» Required work
If a line below includes the string "define", copy it.

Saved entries

● ● ● ●

definition sphere_integral :: "(real \<Rightarrow> real \<Rightarrow> real \<Rightarrow> real) \<Rightarrow> real" where
  "sphere_integral T = integral {0..pi} (\<lambda>\<theta>. integral {0..2*pi} (\<lambda>\<phi>. sph T \<theta> \<phi> * sin \<theta>))"

end

theory Submission
  imports Defs "HOL-Computational_Algebra.Polynomial"
begin

text \<open>For fixed \<open>\<theta>\<close>, \<open>\<phi> \<mapsto> T~(\<theta>, \<phi>)\<close> is a combination of the monomials
  \<open>cos\<^sup>a \<phi> sin\<^sup>b \<phi>\<close> with \<open>a + b < 2m\<close>, i.e. of \<open>cis (k \<phi>)\<close> with \<open>|k| < 2m\<close>. Since
  \<open>\<Sum>\<^sub>j\<^sub><\<^sub>2\<^sub>m cis (2 \<pi> j k / 2m) = 0\<close> for \<open>0 < |k| < 2m\<close>, the \<open>2m\<close>-point equispaced rule integrates such functions exactly over \<open>[0, 2\<pi>]\<close>, whatever its offset; this
  covers both node families \<open>\<phi>\<^sup>0\<close> and \<open>\<phi>\<^sup>1\<close>. The monomials with \<open>a + b\<close> odd integrate
  to zero, so only even powers of \<open>sin \<theta>\<close> remain and the \<open>\<phi>\<close>-integral is \<open>p (cos \<theta>)\<close>
  for a polynomial \<open>p\<close> of degree \<open>< 2m\<close>. Substituting \<open>t = cos \<theta>\<close> turns the surface
  integral into \<open>\<integral>\<^sub>-\<^sub>1\<^sup>1 p\<close>, which the interpolatory rule with the \<open>2m\<close> distinct
  nodes \<open>cos \<theta>\<^sub>i\<close> and weights \<open>w\<^sub>i\<close> computes exactly.\<close>

lemma has_integral_cis_int_multiple:
  fixes k :: int
  assumes "k \<noteq> 0"
  shows "((\<lambda>x. cis (of_int k * x)) has_integral 0) {0..2*pi}"
proof -
  have "((\<lambda>x. cis (of_int k * x)) has_integral
          cis (of_int k * (2*pi)) / (\<i> * of_int k) - cis (of_int k * 0) / (\<i> * of_int k)) {0..2*pi}"
  proof (rule fundamental_theorem_of_calculus)
    fix x :: real
    show "((\<lambda>x. cis (of_int k * x) / (\<i> * of_int k)) has_vector_derivative cis (of_int k * x))
            (at x within {0..2*pi})"
      using assms unfolding has_vector_derivative_def
      by (auto intro!: derivative_eq_intros simp: scaleR_conv_of_real field_simps)
  qed simp
  moreover have "cis (of_int k * (2*pi)) = 1"
    by (metis cis_multiple_2pi Ints_of_int mult.commute)
  ultimately show ?thesis by simp
qed

lemma sum_cis_equispaced_eq_0:
  fixes k :: int
  assumes "k \<noteq> 0" "\<bar>k\<bar> < int N"
  shows "(\<Sum>j<N. cis (of_int k * (s + 2*pi*real j/N))) = 0"
proof -
  define w where "w = cis (2*pi*k/N)"
  have "w \<noteq> 1"
  proof
    assume "w = 1"
    then obtain n :: int where "2*pi*k/N = 2*pi*n"
      by (auto simp: w_def complex_eq_iff cos_one_2pi_int)
    with assms have "k = n * int N"
      by (simp add: field_simps) (metis of_int_eq_iff of_int_mult of_int_of_nat_eq)
    then have "\<bar>k\<bar> = \<bar>n\<bar> * int N"
      by (simp add: abs_mult)
    moreover from this assms have "1 \<le> \<bar>n\<bar>"
      by (cases "n = 0") auto
    ultimately show False
      using assms(2) mult_right_mono[of 1 "\<bar>n\<bar>" "int N"] by simp
  qed
  have "w ^ N = 1"
    using assms cis_multiple_2pi[of "of_int k"] unfolding w_def Complex.DeMoivre by simp
  have "(\<Sum>j<N. cis (of_int k * (s + 2*pi*real j/N))) = cis (of_int k * s) * (\<Sum>j<N. w ^ j)"
    unfolding sum_distrib_left w_def Complex.DeMoivre cis_mult
    by (intro sum.cong refl arg_cong[where f = cis]) (simp add: algebra_simps)
  also have "\<dots> = 0"
    using \<open>w \<noteq> 1\<close> \<open>w ^ N = 1\<close> by (simp add: sum_gp_strict)
  finally show ?thesis .
qed

lemma equispaced_rule_exact_cis:
  fixes k :: int
  assumes "\<bar>k\<bar> < int N"
  shows "((\<lambda>x. cis (of_int k * x)) has_integral
           2*pi/N * (\<Sum>j<N. cis (of_int k * (s + 2*pi*real j/N)))) {0..2*pi}"
proof (cases "k = 0")
  case True
  have "((\<lambda>x. 1) has_integral (2*pi) *\<^sub>R (1 :: complex)) {0..2*pi}"
    using has_integral_const_real[of "1 :: complex" 0 "2*pi"] by simp
  with True assms show ?thesis
    by (simp add: scaleR_conv_of_real)
next
  case False
  then show ?thesis
    using assms has_integral_cis_int_multiple sum_cis_equispaced_eq_0 by simp
qed

lemma equispaced_rule_exact_trig_poly:
  fixes freq :: "'i \<Rightarrow> int" and c :: "'i \<Rightarrow> complex"
  assumes "finite I" "\<forall>i\<in>I. \<bar>freq i\<bar> < int N"
  shows "((\<lambda>x. \<Sum>i\<in>I. c i * cis (of_int (freq i) * x)) has_integral
           2*pi/N * (\<Sum>j<N. \<Sum>i\<in>I. c i * cis (of_int (freq i) * (s + 2*pi*real j/N)))) {0..2*pi}"
proof -
  have "((\<lambda>x. \<Sum>i\<in>I. c i * cis (of_int (freq i) * x)) has_integral
          (\<Sum>i\<in>I. c i * (2*pi/N * (\<Sum>j<N. cis (of_int (freq i) * (s + 2*pi*real j/N)))))) {0..2*pi}"
    using assms by (intro has_integral_sum has_integral_mult_right equispaced_rule_exact_cis) auto
  also have "(\<Sum>i\<in>I. c i * (2*pi/N * (\<Sum>j<N. cis (of_int (freq i) * (s + 2*pi*real j/N)))))
      = 2*pi/N * (\<Sum>j<N. \<Sum>i\<in>I. c i * cis (of_int (freq i) * (s + 2*pi*real j/N)))"
    by (simp add: sum_distrib_left mult_ac sum.swap[of _ I])
  finally show ?thesis .
qed

lemma has_integral_trig_poly_without_constant_term:
  fixes freq :: "'i \<Rightarrow> int" and c :: "'i \<Rightarrow> complex"
  assumes "finite I" "\<forall>i\<in>I. freq i \<noteq> 0"
  shows "((\<lambda>x. \<Sum>i\<in>I. c i * cis (of_int (freq i) * x)) has_integral 0) {0..2*pi}"
proof -
  have "((\<lambda>x. \<Sum>i\<in>I. c i * cis (of_int (freq i) * x)) has_integral (\<Sum>i\<in>I. c i * 0)) {0..2*pi}"
    using assms by (intro has_integral_sum has_integral_mult_right has_integral_cis_int_multiple) auto
  then show ?thesis by simp
qed

lemma cis_plus_scaled_cis_minus_power:
  "(cis x + z * cis (-x)) ^ n =
     (\<Sum>p\<le>n. of_nat (n choose p) * z ^ (n - p) * cis (of_int (2 * int p - int n) * x))"
proof -
  have "cis x ^ p * (z * cis (-x)) ^ (n - p) = z ^ (n - p) * cis (of_int (2 * int p - int n) * x)"
    if "p \<le> n" for p
  proof -
    have "real p * x + real (n - p) * (-x) = of_int (2 * int p - int n) * x"
      using that by (simp add: of_nat_diff algebra_simps)
    then show ?thesis
      by (simp add: power_mult_distrib Complex.DeMoivre cis_mult)
  qed
  then show ?thesis
    unfolding binomial_ring by (intro sum.cong refl) (simp add: mult_ac)
qed

lemma cos_power_mult_sin_power_trig_poly:
  "\<exists>c. \<forall>x. complex_of_real (cos x ^ a * sin x ^ b) =
     (\<Sum>i\<in>{..a} \<times> {..b}. c i * cis (of_int (2 * int (fst i) + 2 * int (snd i) - int (a + b)) * x))"
proof -
  define c where "c i = of_nat (a choose fst i) * of_nat (b choose snd i) * (-1) ^ (b - snd i)
    / (2 ^ a * (2 * \<i>) ^ b)" for i :: "nat \<times> nat"
  have "complex_of_real (cos x ^ a * sin x ^ b) =
     (\<Sum>i\<in>{..a} \<times> {..b}. c i * cis (of_int (2 * int (fst i) + 2 * int (snd i) - int (a + b)) * x))" for x
  proof -
    have "complex_of_real (cos x) = (cis x + 1 * cis (-x)) / 2"
      by (simp add: complex_eq_iff)
    moreover have "cis x + (-1) * cis (-x) = 2 * \<i> * complex_of_real (sin x)"
      by (simp add: complex_eq_iff)
    then have "complex_of_real (sin x) = (cis x + (-1) * cis (-x)) / (2 * \<i>)"
      by simp
    ultimately have "complex_of_real (cos x ^ a * sin x ^ b) =
        (cis x + 1 * cis (-x)) ^ a * (cis x + (-1) * cis (-x)) ^ b / (2 ^ a * (2 * \<i>) ^ b)"
      by (simp only: of_real_mult of_real_power power_divide times_divide_times_eq)
    also have "\<dots> = (\<Sum>i\<in>{..a} \<times> {..b}. c i * cis (of_int (2 * int (fst i) + 2 * int (snd i) - int (a + b)) * x))"
      unfolding cis_plus_scaled_cis_minus_power sum_product sum.cartesian_product sum_divide_distrib
      by (intro sum.cong refl) (auto simp: c_def cis_mult algebra_simps)
    finally show ?thesis .
  qed
  then show ?thesis by blast
qed

lemma cos_power_mult_sin_power_equispaced_rule:
  assumes "a + b < N"
  shows "((\<lambda>x. cos x ^ a * sin x ^ b) has_integral
           2*pi/N * (\<Sum>j<N. cos (s + 2*pi*real j/N) ^ a * sin (s + 2*pi*real j/N) ^ b)) {0..2*pi}"
proof -
  obtain c where c: "\<And>x. complex_of_real (cos x ^ a * sin x ^ b) =
     (\<Sum>i\<in>{..a} \<times> {..b}. c i * cis (of_int (2 * int (fst i) + 2 * int (snd i) - int (a + b)) * x))"
    using cos_power_mult_sin_power_trig_poly by blast
  have "((\<lambda>x. complex_of_real (cos x ^ a * sin x ^ b)) has_integral
          2*pi/N * (\<Sum>j<N. complex_of_real (cos (s + 2*pi*real j/N) ^ a * sin (s + 2*pi*real j/N) ^ b)))
          {0..2*pi}"
    unfolding c using assms by (intro equispaced_rule_exact_trig_poly) auto
  from has_integral_Re[OF this] show ?thesis
    by simp
qed

lemma cos_power_mult_sin_power_integral_odd:
  assumes "odd (a + b)"
  shows "((\<lambda>x. cos x ^ a * sin x ^ b) has_integral 0) {0..2*pi}"
proof -
  obtain c where c: "\<And>x. complex_of_real (cos x ^ a * sin x ^ b) =
     (\<Sum>i\<in>{..a} \<times> {..b}. c i * cis (of_int (2 * int (fst i) + 2 * int (snd i) - int (a + b)) * x))"
    using cos_power_mult_sin_power_trig_poly by blast
  have "2 * int p + 2 * int q - int (a + b) \<noteq> 0" for p q
    using assms by presburger
  then have "((\<lambda>x. complex_of_real (cos x ^ a * sin x ^ b)) has_integral 0) {0..2*pi}"
    unfolding c by (intro has_integral_trig_poly_without_constant_term) auto
  from has_integral_Re[OF this] show ?thesis
    by simp
qed

lemma lagrange_interpolation:
  fixes t :: "'i \<Rightarrow> 'a :: field" and P :: "'a poly"
  assumes "finite A" "inj_on t A" "degree P < card A"
  shows "poly P x = (\<Sum>i\<in>A. poly P (t i) * (\<Prod>k\<in>A - {i}. (x - t k) / (t i - t k)))"
proof -
  define L where "L i = (\<Prod>k\<in>A - {i}. smult (1 / (t i - t k)) [:- t k, 1:])" for i
  have poly_L: "poly (L i) y = (\<Prod>k\<in>A - {i}. (y - t k) / (t i - t k))" for i y
    unfolding L_def poly_prod by (intro prod.cong refl) (simp add: diff_divide_distrib)
  have degree_L: "degree (L i) \<le> card A - 1" if "i \<in> A" for i
  proof -
    have "degree (L i) \<le> (\<Sum>k\<in>A - {i}. degree (smult (1 / (t i - t k)) [:- t k, 1:]))"
      unfolding L_def using degree_prod_sum_le[OF finite_Diff[OF assms(1)]] by (simp only: o_def)
    also have "\<dots> \<le> (\<Sum>k\<in>A - {i}. 1)"
      by (intro sum_mono) (simp add: degree_smult_le)
    finally show ?thesis
      using that assms(1) by simp
  qed
  have L_at_node: "poly (L i) (t j) = (if i = j then 1 else 0)" if "i \<in> A" "j \<in> A" for i j
    using that assms(1,2) unfolding poly_L
    by (auto intro!: prod.neutral prod_zero dest: inj_onD split: if_splits)
  define Q where "Q = (\<Sum>i\<in>A. smult (poly P (t i)) (L i))"
  have "degree Q \<le> card A - 1"
    unfolding Q_def using degree_L by (intro degree_sum_le assms(1)) (auto intro: order.trans[OF degree_smult_le])
  moreover have "poly Q (t j) = poly P (t j)" if "j \<in> A" for j
  proof -
    have "poly Q (t j) = (\<Sum>i\<in>A. if i = j then poly P (t i) else 0)"
      unfolding Q_def poly_sum poly_smult using that by (intro sum.cong refl) (simp add: L_at_node)
    then show ?thesis
      using that assms(1) by simp
  qed
  ultimately have "P = Q"
    using assms by (intro poly_eqI_degree[of "t ` A"]) (auto simp: card_image)
  then have "poly P x = poly Q x"
    by simp
  also have "\<dots> = (\<Sum>i\<in>A. poly P (t i) * (\<Prod>k\<in>A - {i}. (x - t k) / (t i - t k)))"
    by (simp add: Q_def poly_sum poly_L)
  finally show ?thesis .
qed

● ● ● ●

» Finished exercise
  define w where "w = cis (2*pi*k/N)"
  define c where "c i = of_nat (a choose fst i) * of_nat (b choose snd i) * (-1) ^ (b - snd i)
  define L where "L i = (\<Prod>k\<in>A - {i}. smult (1 / (t i - t k)) [:- t k, 1:])" for i
  define Q where "Q = (\<Sum>i\<in>A. smult (poly P (t i)) (L i))"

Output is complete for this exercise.